Python has become one of the most popular programming languages in the world, thanks to its simplicity, flexibility, and the power of its ecosystem of libraries. Rather than reinventing the wheel every time, developers and data scientists can rely on a vast collection of pre-built libraries that make it easier to handle data, perform mathematical operations, build machine learning models, and even create web applications.
In this article, you’ll find a selection of the most widely used Python libraries, each with its main purpose and a simple example of what it can do.
General-purpose scientific stack
Numpy
Core library for arrays, matrices, math operations. (Fast calculations.)
Pandas
DataFrames, tables, cleaning, analysis. (Think Excel in Python, but stronger).
Matplotlib
Classic plotting library. (Line charts, histograms, scatter plots.)
Seaborn
Built on Matplotlib, for prettier and statistical plots.
Scipy
Advanced math, optimisation, signal processing, stats
Machine Learning & AI
scikit-learn
Traditional ML: regression, classification, clustering, model evaluation.
TensorFlow
Deep learning (neural networks), used in AI research/production.
PyTorch
Deep learning, very popular for research, also production-ready.
Keras
High-level API for neural networks (often runs on TensorFlow).
Data Handling & Visualisation
OpenCV
Computer vision (images, video.)
Pillow (PIL)
Image manipulation (resizing, filters).
Ploty
Interactive charts and dashboards.
Boken
Interactive visualisation, web-friendly.
Data Engineering / Workflow
SQLAIchemy
Work with databases in Python.
Dask
Parallel computing, big data with Numpy/Pandas style.
PySpark
Interface with Apache Spark for huge datasets.
Other useful ones
Requests
HTTP requests, web APIs
BeautifulSoup / Scrapy
Web scraping
Flask / Django
Web frameworks
FastAPI
Modern API framework
Jupyter
Interactive notebooks for coding + docs + visualisation
The most essential starter kit
- numpy
- pandas
- matplotlib
- scikit-learn
- jupyter
Here is a quick overview of the most widely used Python libraries, with their main purpose and a one-line example you can try right away.

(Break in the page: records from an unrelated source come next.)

lemma derived_graph_no_adjacent_twins:
  assumes "z \<in> \<Omega> - {i}" "z' \<in> \<Omega> - {i}" "derived_adj \<Omega> \<B> i z z'"
  shows "\<exists>w \<in> \<Omega> - {i} - {z, z'}. derived_adj \<Omega> \<B> i w z \<noteq> derived_adj \<Omega> \<B> i w z'"
proof -
  obtain t where line: "{i, z, z', t} \<in># \<B>" "distinct [i, z, z', t]"
    using assms(3) by (rule derived_edge_line)
  have t: "completes_edge (\<Omega> - {i}) (derived_adj \<Omega> \<B> i) z z' t"
    using line by (rule line_completes_edge)
  have "i \<in> \<Omega>" "t \<in> \<Omega>" using line_subset[OF line(1)] by auto
  then obtain w where w: "w \<in> \<Omega> - {i, t}" "{i, t, w} \<notin> \<C>"
    using exists_noncollinear_point line(2) by auto
  hence "\<not> derived_adj \<Omega> \<B> i w t" unfolding derived_adj_def by (simp add: insert_commute)
  moreover have "derived_adj \<Omega> \<B> i w t" if "w = z \<or> w = z'"
    using t that derived_adj_commute unfolding completes_edge_def by metis
  ultimately show ?thesis using t w unfolding completes_edge_def by auto
qed

lemma completes_edge_iff_line:
  assumes "{i, a, b, c} \<in># \<B>" "distinct [i, a, b, c]"
  shows "completes_edge (\<Omega> - {i}) (derived_adj \<Omega> \<B> i) a b z \<longleftrightarrow> z = c"
  using completes_edge_unique[OF derived_adj_commute derived_graph_no_adjacent_twins]
    line_completes_edge[OF assms] by blast

lemma line_contains_derived_edge:
  assumes L: "L \<in># \<B>" and i: "i \<in> \<Omega>" "i \<notin> L"
  obtains x y where "x \<in> L" "y \<in> L" "derived_adj \<Omega> \<B> i x y"
proof -
  have "L \<noteq> {}" using card_line[OF L] by auto
  then obtain a where "a \<in> L" by blast
  then obtain b c d where L_eq: "L = {a, b, c, d}" and abcd: "distinct [a, b, c, d]"
    using card_line[OF L] by (elim card_4_obtain)
  have "{a, b, c} \<in> \<C>" using L L_eq abcd by (intro collinearI) auto
  moreover have "({i, a, b} \<in> \<C> \<longleftrightarrow> {i, a, c} \<in> \<C>) \<longleftrightarrow> ({i, b, c} \<in> \<C> \<longleftrightarrow> {a, b, c} \<in> \<C>)"
    using line_subset[OF L] L_eq abcd i by (intro regular_two_graph_parity[OF two_graph]) auto
  ultimately have "{i, a, b} \<in> \<C> \<or> {i, a, c} \<in> \<C> \<or> {i, b, c} \<in> \<C>" by blast
  thus ?thesis using that L_eq unfolding derived_adj_def by blast
qed

end

locale derived_iso =
  D1: two_graph_design \<Omega>1 \<B>1 n1 lam1 + D2: two_graph_design \<Omega>2 \<B>2 n2 lam2
  for \<Omega>1 :: "'a set" and \<B>1 n1 lam1 and \<Omega>2 :: "'b set" and \<B>2 n2 lam2 +
  fixes i1 :: 'a and i2 :: 'b and g :: "'a \<Rightarrow> 'b"
  assumes base: "i1 \<in> \<Omega>1" "i2 \<in> \<Omega>2"
    and bij: "bij_betw g (\<Omega>1 - {i1}) (\<Omega>2 - {i2})"
    and adj: "\<forall>x \<in> \<Omega>1 - {i1}. \<forall>y \<in> \<Omega>1 - {i1}. derived_adj \<Omega>1 \<B>1 i1 x y \<longleftrightarrow> derived_adj \<Omega>2 \<B>2 i2 (g x) (g y)"
begin

abbreviation f :: "'a \<Rightarrow> 'b" where "f \<equiv> g(i1 := i2)"

lemma bij_f: "bij_betw f \<Omega>1 \<Omega>2"
  using bij base by (rule bij_betw_fun_upd_extend)

lemma image_line_through_base:
  assumes L: "L \<in># \<B>1" "i1 \<in> L"
  shows "f ` L \<in># \<B>2"
proof -
  obtain a b c where L_eq: "L = {i1, a, b, c}" and abc: "distinct [i1, a, b, c]"
    using D1.card_line[OF L(1)] L(2) by (rule card_4_obtain)
  have ab: "a \<in> \<Omega>1 - {i1}" "b \<in> \<Omega>1 - {i1}" using D1.line_subset[OF L(1)] L_eq abc by auto
  have line1: "{i1, a, b, c} \<in># \<B>1" using L(1) L_eq by simp
  have "derived_adj \<Omega>1 \<B>1 i1 a b" unfolding derived_adj_def using line1 abc by (intro D1.collinearI) auto
  hence "derived_adj \<Omega>2 \<B>2 i2 (g a) (g b)" using adj ab by blast
  then obtain t where line2: "{i2, g a, g b, t} \<in># \<B>2" "distinct [i2, g a, g b, t]"
    by (rule D2.derived_edge_line)
  have "completes_edge (\<Omega>1 - {i1}) (derived_adj \<Omega>1 \<B>1 i1) a b c"
    using D1.completes_edge_iff_line[OF line1 abc] by simp
  hence "completes_edge (\<Omega>2 - {i2}) (derived_adj \<Omega>2 \<B>2 i2) (g a) (g b) (g c)"
    by (rule completes_edge_iso[OF bij adj ab])
  hence "g c = t" using D2.completes_edge_iff_line[OF line2] by simp
  moreover have "f ` L = {i2, g a, g b, g c}" using L_eq abc by auto
  ultimately show ?thesis using line2(1) by simp
qed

| Library | What it does | One-line demo |
|---|---|---|
| NumPy | Arrays, fast math, linear algebra | import numpy as np; print(np.array([1,2,3]) + np.array([4,5,6])) |
| Pandas | DataFrames, data cleaning/analysis | import pandas as pd; print(pd.DataFrame({“A”:[1,2],”B”:[3,4]})) |
| Matplotlib | Basic plotting (2D graphs) | import matplotlib.pyplot as plt; plt.plot([1,2,3],[4,5,6]); plt.show() |
| Seaborn | Statistical & pretty plots | import seaborn as sns; sns.histplot([1,2,2,3,3,3,4,4,4,4]); plt.show() |
| SciPy | Advanced math, stats, optimisation | from scipy import stats; print(stats.norm.mean(), stats.norm.std()) |
| scikit-learn | Machine learning (regression, classification, clustering) | from sklearn.linear_model import LinearRegression; print(LinearRegression()) |
| TensorFlow | Deep learning (neural networks | import tensorflow as tf; print(tf.constant([1,2,3])*2) |
| PyTorch | Deep learning, flexible research | import torch; print(torch.tensor([1,2,3])*2) |
| OpenCV | Computer vision (images, video) | import cv2; print(cv2.version) |
| Requests | Web requests & APIs | import requests; print(requests.get(“https://api.github.com”).status_code) |
| BeautifulSoup | Parse HTML for web scraping | from bs4 import BeautifulSoup; print(BeautifulSoup(“<p>Hello</p>”,”html.parser”).p.text) |
| Jupyter | Interactive coding + docs + plots | Run in terminal: jupyter notebook |
Python’s libraries are the real engine behind its success. They allow beginners to get started quickly and professionals to tackle complex projects with efficiency. Whether you are working with data, building AI models, or creating visualisations, these tools give you everything you need to turn ideas into reality.